Either way it still establishes now what the character has presumably known since some, probably undefined, time in the past. Thus they have, retroactively, always known this fact, and I believe @FrogReaver might note that this is problematic, as I recall he's kind of big on chronological integrity (IE if Joe had actually known beforehand that Trids can't eat Trix, he would have avoided the Trid lair entirely!).
Yes, but ideally you'd roll when the whole broader topic first becomes relevant to prevent the weirdness. Like you definitely should roll to know whether trids can eat trix way before you are deep in the trid lair.
 

Is it? Or is luck or divine favor or whatever we might imagine is represented by having inspiration, actually something that exists within the fantastical world which D&D portrays? This is yet ANOTHER thorn in the idea that we can define 'diegetic', it is going to be dependent on some fairly subtle questions about what is "fictionally real" or not! Given that these questions are not even generally addressed at any point formally by the participants in the game, I'm of the opinion that these are effectively unanswerable, or are simply dependent on one person's viewpoint.
Luck and divine favor may very well exist but the PC has no ability to call on them. So while I agree in principle I don’t agree with the specific example.
 

Either way it still establishes now what the character has presumably known since some, probably undefined, time in the past. Thus they have, retroactively, always known this fact, and I believe @FrogReaver might note that this is problematic, as I recall he's kind of big on chronological integrity (IE if Joe had actually known beforehand that Trids can't eat Trix, he would have avoided the Trid lair entirely!).
Indeed! Though it’s worth noting that in moment to moment play it’s much less a big deal to me. For example, had no issues with flashbacks while playing blades.
 

Yes, but ideally you'd roll when the whole broader topic first becomes relevant to prevent the weirdness. Like you definitely should roll to know whether trids can eat trix way before you are deep in the trid lair.
This too, though even in d&d it can be a risk. It’s probably why I favor campaigns that are set in a new world or where the world they are in is undergoing drastic unexplainable change.
 

As much as some people didn't like the term "narrative mechanic" I don't think bringing "diegetic" and "adiegetic"* into this much helped to clear the matter...

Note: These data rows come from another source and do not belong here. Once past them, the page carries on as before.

lemma has_integral_tri_density:
  assumes "a < b"
  shows "(tri_density a b has_integral 1) UNIV"
proof -
  define m where "m = (a + b) / 2"
  define c where "c = 4 / (b - a)\<^sup>2"
  have m: "a \<le> m" "m \<le> b" using assms by (auto simp: m_def)
  have "((\<lambda>\<theta>. c * (\<theta> - a)) has_integral (c * (m - a)\<^sup>2 / 2 - c * (a - a)\<^sup>2 / 2)) {a..m}"
    by (rule fundamental_theorem_of_calculus[OF m(1)])
      (auto intro!: derivative_eq_intros simp flip: has_real_derivative_iff_has_vector_derivative
        simp: power2_eq_square field_simps)
  then have "((\<lambda>\<theta>. c * (\<theta> - a)) has_integral (c * (m - a)\<^sup>2 / 2)) {a..m}"
    by simp
  then have left: "((\<lambda>\<theta>. c * min (\<theta> - a) (b - \<theta>)) has_integral (c * (m - a)\<^sup>2 / 2)) {a..m}"
    by (rule has_integral_eq[rotated]) (auto simp: m_def)
  have "((\<lambda>\<theta>. c * (b - \<theta>)) has_integral (- c * (b - b)\<^sup>2 / 2 - - c * (b - m)\<^sup>2 / 2)) {m..b}"
    by (rule fundamental_theorem_of_calculus[OF m(2)])
      (auto intro!: derivative_eq_intros simp flip: has_real_derivative_iff_has_vector_derivative
        simp: power2_eq_square field_simps)
  then have "((\<lambda>\<theta>. c * (b - \<theta>)) has_integral (c * (b - m)\<^sup>2 / 2)) {m..b}"
    by simp
  then have right: "((\<lambda>\<theta>. c * min (\<theta> - a) (b - \<theta>)) has_integral (c * (b - m)\<^sup>2 / 2)) {m..b}"
    by (rule has_integral_eq[rotated]) (auto simp: m_def)
  have "c * (m - a)\<^sup>2 / 2 + c * (b - m)\<^sup>2 / 2 = c * (b - a)\<^sup>2 / 4"
    by (simp add: m_def power2_eq_square field_simps)
  also have "\<dots> = 1"
    using assms by (simp add: c_def)
  finally have "c * (m - a)\<^sup>2 / 2 + c * (b - m)\<^sup>2 / 2 = 1" .
  then have "((\<lambda>\<theta>. c * min (\<theta> - a) (b - \<theta>)) has_integral 1) {a..b}"
    using has_integral_combine[OF m left right] by simp
  then have "((\<lambda>\<theta>. if \<theta> \<in> {a..b} then c * min (\<theta> - a) (b - \<theta>) else 0) has_integral 1) UNIV"
    by (simp only: has_integral_restrict_UNIV)
  moreover have "(\<lambda>\<theta>. if \<theta> \<in> {a..b} then c * min (\<theta> - a) (b - \<theta>) else 0) = tri_density a b"
    by (auto simp: tri_density_def c_def)
  ultimately show ?thesis
    by simp
qed

lemma nn_integral_tri_density:
  assumes "a < b"
  shows "(\<integral>\<^sup>+\<theta>. ennreal (tri_density a b \<theta>) \<partial>lborel) = 1"
  using nn_integral_has_integral_lborel[OF _ tri_density_nonneg has_integral_tri_density[OF assms]]
  by simp

lemma nn_integral_tri_density_indicator:
  assumes "a < b" "\<And>\<theta>. a < \<theta> \<Longrightarrow> \<theta> < b \<Longrightarrow> (j, \<theta>) \<in> S"
  shows "(\<integral>\<^sup>+\<theta>. ennreal (tri_density a b \<theta>) * indicator S (j, \<theta>) \<partial>lborel) = 1"
proof -
  have "(\<integral>\<^sup>+\<theta>. ennreal (tri_density a b \<theta>) * indicator S (j, \<theta>) \<partial>lborel)
      = (\<integral>\<^sup>+\<theta>. ennreal (tri_density a b \<theta>) \<partial>lborel)"
  proof (rule nn_integral_cong)
    fix \<theta>
    show "ennreal (tri_density a b \<theta>) * indicator S (j, \<theta>) = ennreal (tri_density a b \<theta>)"
      by (cases "a < \<theta> \<and> \<theta> < b") (simp_all add: assms(2) tri_density_outside)
  qed
  also have "\<dots> = 1"
    using assms(1) by (rule nn_integral_tri_density)
  finally show ?thesis .
qed

lemma nn_integral_tri_component:
  fixes j :: "'d::finite"
  assumes [measurable]: "S \<in> sets (count_space UNIV \<Otimes>\<^sub>M lborel)"
  shows "(\<integral>\<^sup>+z. ennreal (if j = fst z then tri_density a b (snd z) else 0) * indicator S z
            \<partial>(count_space UNIV \<Otimes>\<^sub>M lborel))
       = (\<integral>\<^sup>+\<theta>. ennreal (tri_density a b \<theta>) * indicator S (j, \<theta>) \<partial>lborel)"
proof -
  have "(\<lambda>z. ennreal (if j = fst z then tri_density a b (snd z) else 0) * indicator S z)
      \<in> borel_measurable (count_space UNIV \<Otimes>\<^sub>M lborel)"
    by measurable
  then have "(\<integral>\<^sup>+z. ennreal (if j = fst z then tri_density a b (snd z) else 0) * indicator S z
            \<partial>(count_space UNIV \<Otimes>\<^sub>M lborel))
      = (\<integral>\<^sup>+i. \<integral>\<^sup>+\<theta>. ennreal (if j = i then tri_density a b \<theta> else 0) * indicator S (i, \<theta>) \<partial>lborel
            \<partial>count_space UNIV)"
    by (simp only: lborel.nn_integral_fst[symmetric] fst_conv snd_conv)
  also have "\<dots> = (\<Sum>i\<in>UNIV. \<integral>\<^sup>+\<theta>. ennreal (if j = i then tri_density a b \<theta> else 0) * indicator S (i, \<theta>) \<partial>lborel)"
    by (rule nn_integral_count_space_finite[OF finite_class.finite_UNIV])
  also have "\<dots> = (\<Sum>i\<in>UNIV. if j = i then \<integral>\<^sup>+\<theta>. ennreal (tri_density a b \<theta>) * indicator S (j, \<theta>) \<partial>lborel else 0)"
    by (intro sum.cong refl) simp
  also have "\<dots> = (\<integral>\<^sup>+\<theta>. ennreal (tri_density a b \<theta>) * indicator S (j, \<theta>) \<partial>lborel)"
    by simp
  finally show ?thesis .
qed

definition tri_mixture :: "('d \<times> real \<times> real) set \<Rightarrow> real \<Rightarrow> ('d \<times> real) measure" where
  "tri_mixture W L = density (count_space UNIV \<Otimes>\<^sub>M lborel)
     (\<lambda>(i, \<theta>). ennreal (\<Sum>(j, a, b)\<in>W. (b - a)\<^sup>2 / L * (if j = i then tri_density a b \<theta> else 0)))"

lemma D2'_eq_tri_mixture: "D2' k V = tri_mixture (Iall V - R k V) (L2' k V)"
  unfolding D2'_def tri_mixture_def tri_density_def
  by (intro arg_cong[where f = "density _"] ext) (auto intro!: sum.cong arg_cong[where f = ennreal])

lemma space_tri_mixture: "space (tri_mixture W L) = UNIV"
  by (simp add: tri_mixture_def space_pair_measure)

lemma tri_mixture_density_eq:
  assumes "0 \<le> L"
  shows "ennreal (\<Sum>(j, a, b)\<in>W. (b - a)\<^sup>2 / L * (if j = i then tri_density a b \<theta> else 0))
       = (\<Sum>(j, a, b)\<in>W. ennreal ((b - a)\<^sup>2 / L) * ennreal (if j = i then tri_density a b \<theta> else 0))"
  using assms
  by (subst sum_ennreal[symmetric]) (auto simp: tri_density_nonneg ennreal_mult[symmetric] intro!: sum.cong)
lemma gauss_poly_eq_qbinom: "m \<le> n \<Longrightarrow> gauss_poly n m = qbinom n (int m)"
proof -
  assume "m \<le> n"
  have "(\<Prod>i<m. 1 - qvar ^ (n - i)) * qfact (n - m) = (qbinom n (int m) * qfact m) * qfact (n - m)"
    using prod_one_minus_qvar_power qbinom_qfact \<open>m \<le> n\<close> by simp
  then have "(\<Prod>i<m. 1 - qvar ^ (n - i)) = qbinom n (int m) * qfact m"
    using qfact_nonzero by simp
  moreover have "(\<Prod>i<m. 1 - qvar ^ (m - i)) = qfact m"
    using prod_one_minus_qvar_power[of m m] by simp
  ultimately show ?thesis
    unfolding gauss_poly_def using qfact_nonzero by simp
qed

lemma qbinom_absorption:
  assumes "m \<le> n"
  shows "(1 - qvar ^ Suc m) * qbinom (Suc n) (int (Suc m)) = (1 - qvar ^ Suc n) * qbinom n (int m)"
proof -
  have "((1 - qvar ^ Suc m) * qbinom (Suc n) (int (Suc m))) * (qfact m * qfact (n - m)) = qfact (Suc n)"
    using qbinom_qfact[of "Suc m" "Suc n"] assms by (simp del: power_Suc add: algebra_simps)
  also have "\<dots> = ((1 - qvar ^ Suc n) * qbinom n (int m)) * (qfact m * qfact (n - m))"
    using qbinom_qfact[OF assms] by (simp del: power_Suc add: algebra_simps)
  finally show ?thesis
    using qfact_nonzero by simp
qed

lemma kaplansky_poly_eq_qbinom:
  assumes "1 \<le> n" and "m \<le> n"
  shows "kaplansky_poly n m = qbinom n (int m) + qvar ^ n * qbinom (n - 1) (int m - 1)"
proof -
  have absorb: "(1 - qvar ^ m) * qbinom n (int m) = (1 - qvar ^ n) * qbinom (n - 1) (int m - 1)"
  proof (cases m)
    case 0
    then show ?thesis by (simp add: qbinom_eq_0)
  next
    case (Suc k)
    with assms qbinom_absorption[of k "n - 1"] show ?thesis by (cases n) simp_all
  qed
  have "(1 - qvar ^ (n + m)) * gauss_poly n m
      = qbinom n (int m) * (1 - qvar ^ n) + qvar ^ n * ((1 - qvar ^ m) * qbinom n (int m))"
    by (simp add: gauss_poly_eq_qbinom[OF assms(2)] algebra_simps power_add)
  also have "\<dots> = (qbinom n (int m) + qvar ^ n * qbinom (n - 1) (int m - 1)) * (1 - qvar ^ n)"
    unfolding absorb by (simp add: algebra_simps)
  finally show ?thesis
    unfolding kaplansky_poly_def using one_minus_qvar_power_nonzero assms(1) by simp
qed

lemma nonneg_coeffs_qbinom_mixed_minor:
  assumes "i \<le> j" and "i \<le> int n + 1" and "0 \<le> j"
  shows "nonneg_coeffs (qbinom (Suc n) i * qbinom n (j - 1) + qbinom n (i - 1) * qbinom (Suc n) j
    - qbinom (Suc n) (i - 1) * qbinom n j - qbinom n (i - 2) * qbinom (Suc n) (j + 1))"
proof -
  define e where "e = nat (int n + 1 - i)"
  define b where "b = nat j"
  have "nat (int n + 1 - (i - 1)) = Suc e" "nat (j + 1) = Suc b"
    using assms unfolding e_def b_def by linarith+
  then have "qbinom (Suc n) i = qvar ^ e * qbinom n (i - 1) + qbinom n i"
    "qbinom (Suc n) (i - 1) = qvar ^ Suc e * qbinom n (i - 2) + qbinom n (i - 1)"
    "qbinom (Suc n) j = qbinom n (j - 1) + qvar ^ b * qbinom n j"
    "qbinom (Suc n) (j + 1) = qbinom n j + qvar ^ Suc b * qbinom n (j + 1)"
    unfolding e_def b_def qbinom_Suc_dual[of n i] qbinom_Suc_dual[of n "i - 1"]
      qbinom.simps(2)[of n j] qbinom.simps(2)[of n "j + 1"]
    by simp_all
  then have "qbinom (Suc n) i * qbinom n (j - 1) + qbinom n (i - 1) * qbinom (Suc n) j
      - qbinom (Suc n) (i - 1) * qbinom n j - qbinom n (i - 2) * qbinom (Suc n) (j + 1)
    = qvar ^ e * qbinom_minor 1 n (i - 1) (j - 1) + qbinom_minor 0 n i (j - 1)
      + qbinom_minor 0 n (i - 1) (j - 1) + qvar ^ b * qbinom_minor 1 n (i - 1) j"
    by (simp add: qbinom_minor_def algebra_simps)
  also have "nonneg_coeffs \<dots>"
    using assms
    by (intro nonneg_coeffs_add nonneg_coeffs_mult nonneg_coeffs_qvar_power
        nonneg_coeffs_qbinom_minor nonneg_coeffs_qbinom_minor_0) simp_all
  finally show ?thesis .
qed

(* Is that even a word? Isn't it "extradiegetic"?)
Was worth a try. Makes as much sense to me as ‘narrative’ mechanics and provides a more clearly associated natural picture of what’s being discussed. I think it’s a better term. We at least are able to explore this one.

‘Narrative’ mechanics seems an even more mushy wushy term.
 

Either way it still establishes now what the character has presumably known since some, probably undefined, time in the past. Thus they have, retroactively, always known this fact, and I believe @FrogReaver might note that this is problematic, as I recall he's kind of big on chronological integrity (IE if Joe had actually known beforehand that Trids can't eat Trix, he would have avoided the Trid lair entirely!).

At its core, this is a "whataboutism" argument - using a supposed inconsistency to suggest that an argument is weak: "You are big on chronology? Well what about THIS CASE?!? Where's your issue with chronology now?"

Setting aside the fact that nobody has to be perfectly consistent for their position to be valid, the cases at hand are not comparable. For example:

It is quite possible to list all the objects that a character carries on their person on a given day.
It is quite impossible to list all the bits of knowledge that exists in a character's mind.